書評
『かみさまからのおくりもの』(こぐま社)
おかあさんへの贈り物
『かみさまからのおくりもの』は、息子の誕生のお祝いにいただいたものだった。赤ちゃんが生まれると、神様がひとりひとりに贈(おく)り物をくださる。それを天使が運んでくる……というとてもシンプルな内容だ。
絵本には五人の赤ちゃんが登場し、それぞれ順番に贈り物が運ばれてくる。ほっぺのあかい赤ちゃんには「よくわらう」、大きい赤ちゃんには「ちからもち」、泣いている赤ちゃんには「うたがすき」、よくうごく赤ちゃんには「よくたべる」、すやすや寝ている赤ちゃんには「やさしい」。

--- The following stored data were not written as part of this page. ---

section \<open>Total spin\<close>

lemma card_spin_sites:
  assumes "h < Ns"
  shows "card {x. x < Ns \<and> x \<noteq> h \<and> s x = \<sigma>} = (if \<sigma> then card (up_sites h s) else Ne - card (up_sites h s))"
proof (cases \<sigma>)
  case False
  have "{x. x < Ns \<and> x \<noteq> h \<and> \<not> s x} = ({..<Ns} - {h}) - up_sites h s"
    by (auto simp: up_sites_def)
  moreover have "up_sites h s \<subseteq> {..<Ns} - {h}" by (auto simp: up_sites_def)
  ultimately show ?thesis using False assms by (simp add: card_Diff_subset up_sites_def)
qed (simp add: up_sites_def)

lemma card_up_sites_update:
  assumes "x < Ns" "x \<noteq> h"
  shows "card (up_sites h (s(x := \<tau>))) =
    (if s x = \<tau> then card (up_sites h s) else if \<tau> then card (up_sites h s) + 1 else card (up_sites h s) - 1)"
proof -
  have fin: "finite (up_sites h s)" by (simp add: up_sites_def)
  have "up_sites h (s(x := \<tau>)) = (if \<tau> then insert x (up_sites h s) else up_sites h s - {x})"
    using assms by (auto simp: up_sites_def)
  moreover have "x \<in> up_sites h s \<longleftrightarrow> s x" using assms by (simp add: up_sites_def)
  ultimately show ?thesis using fin by (cases \<tau>; cases "s x") (auto simp: insert_absorb)
qed

lemma cre_ann_sym_state_hole_conf:
  assumes "h < Ns" "x < Ns"
  shows "cre (x,\<sigma>) (ann (x,\<tau>) (sym_state F)) (hole_conf h s) =
    (if x \<noteq> h \<and> s x = \<sigma> then F (card (up_sites h (s(x := \<tau>)))) * hole_weight h else 0)"
proof (cases "x \<noteq> h \<and> s x = \<sigma>")
  case True
  then have "(x,\<sigma>) \<in> hole_conf h s" "(x,\<tau>) \<notin> hole_conf h s - {(x,\<sigma>)}" using assms by auto
  moreover have "insert (x,\<tau>) (hole_conf h s - {(x,\<sigma>)}) = hole_conf h (s(x := \<tau>))"
    using hole_conf_update[of x h s \<tau>] assms True by simp
  ultimately show ?thesis using True assms(1) by (simp add: cre_ann_same_site)
next
  case False
  then have "\<not> ((x,\<sigma>) \<in> hole_conf h s \<and> (x,\<tau>) \<notin> hole_conf h s - {(x,\<sigma>)})" by auto
  then have "cre (x,\<sigma>) (ann (x,\<tau>) (sym_state F)) (hole_conf h s) = 0"
    by (simp only: cre_ann_same_site if_False)
  with False show ?thesis by auto
qed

子どもが生まれたばかりのときには、実はそれほど印象に残らない絵本だった。どれも、ふむふむと頷(うなず)けたけれど、まあ当たり前のことで、なにか特別なことが書かれているようには感じなかった。
それは、私が母親として初心者で、まさに初心でいっぱいだったからだと思う。とにもかくにも、元気で生まれてきてくれて、ありがとう! 子どもが息をしているだけで、幸せだったし、感謝もした。

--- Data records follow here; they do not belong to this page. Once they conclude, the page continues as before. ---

lemma has_derivative_of_continuous_partials:
  fixes \<phi> :: "real^'n::finite \<Rightarrow> real" and D :: "'n \<Rightarrow> real^'n \<Rightarrow> real"
  assumes S: "open S" "x \<in> S"
    and partial: "\<And>i y. y \<in> S \<Longrightarrow> ((\<lambda>t. \<phi> (y + t *\<^sub>R axis i 1)) has_real_derivative D i y) (at 0)"
    and cont: "\<And>i. continuous_on S (D i)"
  shows "(\<phi> has_derivative (\<lambda>h. \<Sum>i\<in>UNIV. D i x * h $ i)) (at x)"
  unfolding has_derivative_at_alt
proof (intro conjI allI impI)
  show "bounded_linear (\<lambda>h. \<Sum>i\<in>UNIV. D i x * h $ i)"
    by (intro bounded_linear_sum bounded_linear_compose[OF bounded_linear_mult_right bounded_linear_vec_nth])
next
  fix e :: real assume "0 < e"
  define e' where "e' = e / real CARD('n)"
  have "0 < e'" using \<open>0 < e\<close> by (simp add: e'_def)
  have "\<forall>\<^sub>F y in nhds x. y \<in> S \<and> (\<forall>i. \<bar>D i y - D i x\<bar> < e')"
  proof (intro eventually_conj eventually_all_finite)
    show "\<forall>\<^sub>F y in nhds x. y \<in> S" using S eventually_nhds_in_open by blast
    fix i
    have "(D i \<longlongrightarrow> D i x) (nhds x)"
      using cont S continuous_on_eq_continuous_at isCont_def tendsto_at_iff_tendsto_nhds by blast
    then show "\<forall>\<^sub>F y in nhds x. \<bar>D i y - D i x\<bar> < e'"
      using \<open>0 < e'\<close> by (auto simp: tendsto_iff dist_real_def)
  qed
  then obtain d where "d > 0" and d: "\<And>y. dist y x < d \<Longrightarrow> y \<in> S \<and> (\<forall>i. \<bar>D i y - D i x\<bar> < e')"
    unfolding eventually_nhds_metric by blast
  show "\<exists>d>0. \<forall>y. norm (y - x) < d \<longrightarrow>
      norm (\<phi> y - \<phi> x - (\<Sum>i\<in>UNIV. D i x * (y - x) $ i)) \<le> e * norm (y - x)"
  proof (intro exI[of _ d] conjI allI impI)
    fix y assume y: "norm (y - x) < d"
    have "x + restrict_coords UNIV (y - x) = y" by (simp add: restrict_coords_def vec_eq_iff)
    then have "norm (\<phi> y - \<phi> x - (\<Sum>i\<in>UNIV. D i x * (y - x) $ i))
        \<le> e' * (\<Sum>i\<in>UNIV. \<bar>(y - x) $ i\<bar>)"
      using coordinatewise_increment_bound[of x d \<phi> D e' "y - x" UNIV] partial d y
      by (simp add: less_imp_le)
    also have "\<dots> \<le> e' * (\<Sum>i::'n\<in>UNIV. norm (y - x))"
      using \<open>0 < e'\<close> by (intro mult_left_mono sum_mono component_le_norm_cart) auto
    also have "\<dots> = e * norm (y - x)" by (simp add: e'_def)
    finally show "norm (\<phi> y - \<phi> x - (\<Sum>i\<in>UNIV. D i x * (y - x) $ i)) \<le> e * norm (y - x)" .
  qed (use \<open>d > 0\<close> in auto)
qed

lemma iter_pd_append: "iter_pd (is @ js) \<phi> = iter_pd is (iter_pd js \<phi>)"
  by (induction "is") auto

lemma smooth_on_vec_iter_pd: "smooth_on_vec S \<phi> \<Longrightarrow> smooth_on_vec S (iter_pd js \<phi>)"
  unfolding smooth_on_vec_def by (metis iter_pd_append)

lemma smooth_on_vec_pd: "smooth_on_vec S \<phi> \<Longrightarrow> smooth_on_vec S (pd i \<phi>)"
  using smooth_on_vec_iter_pd[of S \<phi> "[i]"] by simp

lemma smooth_on_vec_has_derivative:
  assumes "open S" "smooth_on_vec S \<phi>" "x \<in> S"
  shows "(\<phi> has_derivative (\<lambda>h. \<Sum>i\<in>UNIV. pd i \<phi> x * h $ i)) (at x)"
proof (rule has_derivative_of_continuous_partials[OF assms(1,3)])
  fix i y assume "y \<in> S"
  then have "(\<lambda>t. \<phi> (y + t *\<^sub>R axis i 1)) differentiable (at 0)"
    using assms(2) iter_pd.simps(1) unfolding smooth_on_vec_def by metis
  then show "((\<lambda>t. \<phi> (y + t *\<^sub>R axis i 1)) has_real_derivative pd i \<phi> y) (at 0)"
    unfolding pd_def by (simp add: DERIV_deriv_iff_real_differentiable)
next
  show "continuous_on S (pd i \<phi>)" for i
    using smooth_on_vec_pd[OF assms(2)] iter_pd.simps(1) unfolding smooth_on_vec_def by metis
qed

text \<open>Smoothness in coinductive form: closure under the field operations and under composition
  with integral curves is then proved by coinduction up to rational expressions.\<close>

coinductive infinitely_differentiable_on :: "(real^'n::finite) set \<Rightarrow> (real^'n \<Rightarrow> real) \<Rightarrow> bool"
  for S where
  "(\<forall>x\<in>S. (\<phi> has_derivative (\<lambda>h. \<Sum>i\<in>UNIV. D i x * h $ i)) (at x)) \<Longrightarrow>
   (\<forall>i. infinitely_differentiable_on S (D i)) \<Longrightarrow> infinitely_differentiable_on S \<phi>"

lemma smooth_on_vec_imp_infinitely_differentiable_on:
  assumes "open S" "smooth_on_vec S \<phi>"
  shows "infinitely_differentiable_on S \<phi>"
  using assms(2)
proof (coinduction arbitrary: \<phi>)
  case (infinitely_differentiable_on \<phi>)
  then show ?case
    using smooth_on_vec_has_derivative[OF assms(1)] smooth_on_vec_pd
    by (intro exI[of _ \<phi>] exI[of _ "\<lambda>i. pd i \<phi>"]) auto
qed

lemma infinitely_differentiable_onE:
  assumes "infinitely_differentiable_on S \<phi>"
  obtains D where "\<forall>i. infinitely_differentiable_on S (D i)"
    "\<forall>x\<in>S. (\<phi> has_derivative (\<lambda>h. \<Sum>i\<in>UNIV. D i x * h $ i)) (at x)"
  using assms by (auto elim: infinitely_differentiable_on.cases)

lemma infinitely_differentiable_on_imp_isCont:
  "infinitely_differentiable_on S \<phi> \<Longrightarrow> x \<in> S \<Longrightarrow> isCont \<phi> x"
  by (erule infinitely_differentiable_onE) (auto dest: has_derivative_continuous)

inductive rational_expr :: "(real^'n::finite) set \<Rightarrow> (real^'n \<Rightarrow> real) set \<Rightarrow> (real^'n \<Rightarrow> real) \<Rightarrow> bool"
  for S B where
  base: "\<phi> \<in> B \<Longrightarrow> rational_expr S B \<phi>"
| const: "rational_expr S B (\<lambda>x. c)"
| add: "rational_expr S B \<phi> \<Longrightarrow> rational_expr S B \<psi> \<Longrightarrow> rational_expr S B (\<lambda>x. \<phi> x + \<psi> x)"
| mult: "rational_expr S B \<phi> \<Longrightarrow> rational_expr S B \<psi> \<Longrightarrow> rational_expr S B (\<lambda>x. \<phi> x * \<psi> x)"
| inverse: "rational_expr S B \<phi> \<Longrightarrow> (\<forall>x\<in>S. \<phi> x \<noteq> 0) \<Longrightarrow> rational_expr S B (\<lambda>x. inverse (\<phi> x))"

lemma rational_expr_sum:
  "(\<And>i. i \<in> I \<Longrightarrow> rational_expr S B (\<phi> i)) \<Longrightarrow> rational_expr S B (\<lambda>x. \<Sum>i\<in>I. \<phi> i x)"
proof (induction I rule: infinite_finite_induct)
  case (infinite I)
  then show ?case using rational_expr.const[of S B 0] by simp
next
  case empty
  then show ?case using rational_expr.const[of S B 0] by simp
next
  case (insert i I)
  then show ?case by (simp add: rational_expr.add)
qed

definition has_partials_in :: "(real^'n::finite) set \<Rightarrow> ((real^'n \<Rightarrow> real) \<Rightarrow> bool) \<Rightarrow> (real^'n \<Rightarrow> real) \<Rightarrow> bool"
  where "has_partials_in S P \<phi> \<longleftrightarrow>
    (\<exists>D. (\<forall>i. P (D i)) \<and> (\<forall>x\<in>S. (\<phi> has_derivative (\<lambda>h. \<Sum>i\<in>UNIV. D i x * h $ i)) (at x)))"

lemma has_derivative_partials_add:
  fixes \<phi> \<psi> :: "real^'n::finite \<Rightarrow> real"
  assumes "(\<phi> has_derivative (\<lambda>h. \<Sum>i\<in>UNIV. D i x * h $ i)) (at x)"
    and "(\<psi> has_derivative (\<lambda>h. \<Sum>i\<in>UNIV. E i x * h $ i)) (at x)"
  shows "((\<lambda>x. \<phi> x + \<psi> x) has_derivative (\<lambda>h. \<Sum>i\<in>UNIV. (D i x + E i x) * h $ i)) (at x)"
  by (rule has_derivative_eq_rhs[OF has_derivative_add[OF assms]])
    (simp add: fun_eq_iff distrib_right sum.distrib)

lemma has_derivative_partials_mult:
  fixes \<phi> \<psi> :: "real^'n::finite \<Rightarrow> real"
  assumes "(\<phi> has_derivative (\<lambda>h. \<Sum>i\<in>UNIV. D i x * h $ i)) (at x)"
    and "(\<psi> has_derivative (\<lambda>h. \<Sum>i\<in>UNIV. E i x * h $ i)) (at x)"
  shows "((\<lambda>x. \<phi> x * \<psi> x) has_derivative
      (\<lambda>h. \<Sum>i\<in>UNIV. (\<phi> x * E i x + D i x * \<psi> x) * h $ i)) (at x)"
  by (rule has_derivative_eq_rhs[OF has_derivative_mult[OF assms]])
    (simp add: fun_eq_iff distrib_left distrib_right sum.distrib sum_distrib_left mult_ac)

lemma has_derivative_partials_inverse:
  fixes \<phi> :: "real^'n::finite \<Rightarrow> real"
  assumes "(\<phi> has_derivative (\<lambda>h. \<Sum>i\<in>UNIV. D i x * h $ i)) (at x)" and "\<phi> x \<noteq> 0"
  shows "((\<lambda>x. inverse (\<phi> x)) has_derivative
      (\<lambda>h. \<Sum>i\<in>UNIV. - 1 * (inverse (\<phi> x) * (D i x * inverse (\<phi> x))) * h $ i)) (at x)"
  by (rule has_derivative_eq_rhs[OF Deriv.has_derivative_inverse[OF assms(2) assms(1)]])
    (simp add: fun_eq_iff sum_distrib_left sum_negf mult_ac)

lemma has_partials_in_rational_expr:
  assumes B: "\<And>\<phi>. \<phi> \<in> B \<Longrightarrow> has_partials_in S (rational_expr S B) \<phi>"
  shows "rational_expr S B \<phi> \<Longrightarrow> has_partials_in S (rational_expr S B) \<phi>"
proof (induction rule: rational_expr.induct)
  case (base \<phi>)
  then show ?case by (rule B)
next
  case (const c)
  have "((\<lambda>x. c) has_derivative (\<lambda>h. \<Sum>i\<in>UNIV. 0 * h $ i)) (at x)" for x :: "real^'n"
    by (simp add: has_derivative_const)
  then show ?case
    unfolding has_partials_in_def by (intro exI[of _ "\<lambda>i x. 0"]) (simp add: rational_expr.const)
next
  case (add \<phi> \<psi>)
  then obtain D E where "\<forall>i. rational_expr S B (D i)" "\<forall>i. rational_expr S B (E i)"
    "\<forall>x\<in>S. (\<phi> has_derivative (\<lambda>h. \<Sum>i\<in>UNIV. D i x * h $ i)) (at x)"
    "\<forall>x\<in>S. (\<psi> has_derivative (\<lambda>h. \<Sum>i\<in>UNIV. E i x * h $ i)) (at x)"
    unfolding has_partials_in_def by blast
  then show ?case
    unfolding has_partials_in_def
    by (intro exI[of _ "\<lambda>i x. D i x + E i x"]) (simp add: rational_expr.add has_derivative_partials_add)
next
  case (mult \<phi> \<psi>)
  then obtain D E where "\<forall>i. rational_expr S B (D i)" "\<forall>i. rational_expr S B (E i)"
    "\<forall>x\<in>S. (\<phi> has_derivative (\<lambda>h. \<Sum>i\<in>UNIV. D i x * h $ i)) (at x)"
    "\<forall>x\<in>S. (\<psi> has_derivative (\<lambda>h. \<Sum>i\<in>UNIV. E i x * h $ i)) (at x)"
    unfolding has_partials_in_def by blast
  then show ?case
    unfolding has_partials_in_def using mult.hyps
    by (intro exI[of _ "\<lambda>i x. \<phi> x * E i x + D i x * \<psi> x"])
      (simp add: rational_expr.add rational_expr.mult has_derivative_partials_mult)
next
  case (inverse \<phi>)
  then obtain D where D: "\<And>i. rational_expr S B (D i)"
    "\<And>x. x \<in> S \<Longrightarrow> (\<phi> has_derivative (\<lambda>h. \<Sum>i\<in>UNIV. D i x * h $ i)) (at x)"
    unfolding has_partials_in_def by blast
  have inv: "rational_expr S B (\<lambda>x. inverse (\<phi> x))"
    using inverse.hyps by (rule rational_expr.inverse)
  show ?case
    unfolding has_partials_in_def
  proof (intro exI[of _ "\<lambda>i x. - 1 * (inverse (\<phi> x) * (D i x * inverse (\<phi> x)))"] conjI allI ballI)
    show "rational_expr S B (\<lambda>x. - 1 * (inverse (\<phi> x) * (D i x * inverse (\<phi> x))))" for i
      by (intro rational_expr.mult rational_expr.const inv D(1))
    show "((\<lambda>x. inverse (\<phi> x)) has_derivative
        (\<lambda>h. \<Sum>i\<in>UNIV. - 1 * (inverse (\<phi> x) * (D i x * inverse (\<phi> x))) * h $ i)) (at x)"
      if "x \<in> S" for x
      by (rule has_derivative_partials_inverse[where D=D, OF D(2)[OF that]]) (use inverse.hyps that in auto)
  qed
qed

lemma infinitely_differentiable_on_if_rational_expr:
  assumes B: "\<And>\<phi>. \<phi> \<in> B \<Longrightarrow> has_partials_in S (rational_expr S B) \<phi>"
    and \<phi>: "rational_expr S B \<phi>"
  shows "infinitely_differentiable_on S \<phi>"
  using \<phi>
proof (coinduction arbitrary: \<phi>)
  case (infinitely_differentiable_on \<phi>)
  then obtain D where "\<forall>i. rational_expr S B (D i)"
    "\<forall>x\<in>S. (\<phi> has_derivative (\<lambda>h. \<Sum>i\<in>UNIV. D i x * h $ i)) (at x)"
    using has_partials_in_rational_expr[OF B] unfolding has_partials_in_def by blast
  then show ?case by (intro exI[of _ \<phi>] exI[of _ D]) auto
qed

lemma infinitely_differentiable_on_rational_expr:
  assumes "rational_expr S (Collect (infinitely_differentiable_on S)) \<phi>"
  shows "infinitely_differentiable_on S \<phi>"
proof (rule infinitely_differentiable_on_if_rational_expr[OF _ assms])
  fix \<psi> assume "\<psi> \<in> Collect (infinitely_differentiable_on S)"
  then obtain D where "\<forall>i. infinitely_differentiable_on S (D i)"
    "\<forall>x\<in>S. (\<psi> has_derivative (\<lambda>h. \<Sum>i\<in>UNIV. D i x * h $ i)) (at x)"
    by (auto elim: infinitely_differentiable_onE)
  then show "has_partials_in S (rational_expr S (Collect (infinitely_differentiable_on S))) \<psi>"
    unfolding has_partials_in_def by (auto intro: rational_expr.base)
qed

けれど人間というのは欲深いもので、「息をしているだけで嬉しい」などという初々(ういうい)しい感覚はだんだん薄れ、「はやくあるく」だの「じょうずにはなす」だの「えがうまい」だのを、神様からの贈り物として期待しはじめる。そのうちこれが「成績優秀」「スポーツ万能」「眉目秀麗(びもくしゅうれい)」「リーダーシップ」などになってゆくのかもしれない。

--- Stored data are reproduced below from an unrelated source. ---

lemma disjoint_family_slice:
  assumes "disjoint_family F" "x \<in> F j"
  shows "{y. \<exists>k. x \<in> F k \<and> y \<in> F k} = F j"
proof (intro equalityI subsetI)
  fix y assume "y \<in> {y. \<exists>k. x \<in> F k \<and> y \<in> F k}"
  then obtain k where "x \<in> F k" "y \<in> F k" by blast
  moreover have "k = j"
    using disjoint_family_onD[OF assms(1), of k j] assms(2) \<open>x \<in> F k\<close> by blast
  ultimately show "y \<in> F j" by simp
qed (use assms(2) in blast)

lemma meas_conv_self_hat_diagonal:
  assumes "\<nu> \<in> PrT" "disjoint_family F" "\<And>j. F j \<subseteq> TT"
    and "\<And>k. k \<noteq> i \<Longrightarrow> meas \<nu> (F k) = 0"
  shows "meas (conv \<nu> \<nu>) (hat_diagonal F) = (meas \<nu> (F i))\<^sup>2"
proof -
  have "(if x \<in> TT then meas \<nu> {y. \<exists>j. x \<in> F j \<and> y \<in> F j} else 0)
      = meas \<nu> (F i) * indicator (F i) x" for x
  proof (cases "\<exists>j. x \<in> F j")
    case True
    then obtain j where "x \<in> F j" by blast
    moreover have "x \<in> F i \<longleftrightarrow> j = i"
      using \<open>x \<in> F j\<close> \<open>disjoint_family F\<close> unfolding disjoint_family_on_def by blast
    ultimately show ?thesis
      using disjoint_family_slice[OF assms(2)] assms(3,4)[of j] by (auto simp: indicator_def)
  next
    case False
    then have "{y. \<exists>j. x \<in> F j \<and> y \<in> F j} = {}" by blast
    with False show ?thesis
      using meas_empty[OF assms(1)] by (auto simp: indicator_def)
  qed
  then show ?thesis
    using meas_conv_hat_diagonal[OF assms(3)] PrT_scale[OF assms(1) indicator_in_linf[OF assms(3)]]
    by (simp add: meas_def power2_eq_square)
qed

来月、息子は四歳になる。久しぶりにこの絵本を一緒に読んでみると、心が洗われるようだった。「よくわらう」や「うたがすき」を「おくりもの」として感じられる心を、忘れずにいたいものだなあと思う。
ただ読んでやるだけでは、物足りなさそうなので、「たくみん(息子の愛称)は、かみさまから、なにをもらったかな?」と聞いてみた。
「うーんとね、げんきでしょ、かっこいいでしょ、おどりがじょうずでしょ……」。意外と自信家だ。一番うしろに白いページがあるので、そこに書き出してやると、夢中になってつけ加えてくる。「やさしいでしょ、よくねるでしょ、ごほんがすきでしょ……」
「いっぱいあるねえ。じゃあ、おかあさんはなにをもらったと思う?」
「やさしい」とか「りょうりがじょうず」とかを密(ひそ)かに期待していたのだが、息子は自分のときとは違って、なかなか口を開かない。
「おかあさん、じつは『たんかがじょうず』をもらったんだよ」と冗談(じょうだん)めかして言うと、「それは、しってる」と軽く受け流されてしまった。そしてしばらくして、息子はこう言った。
「わかった! おかあさんがもらったのは『たくみんが、うまれる』じゃない?」
この答えを、私は一生忘れないだろう。もしかしたら、これこそが、この絵本が伝えたいことだったのかもしれない、と思った。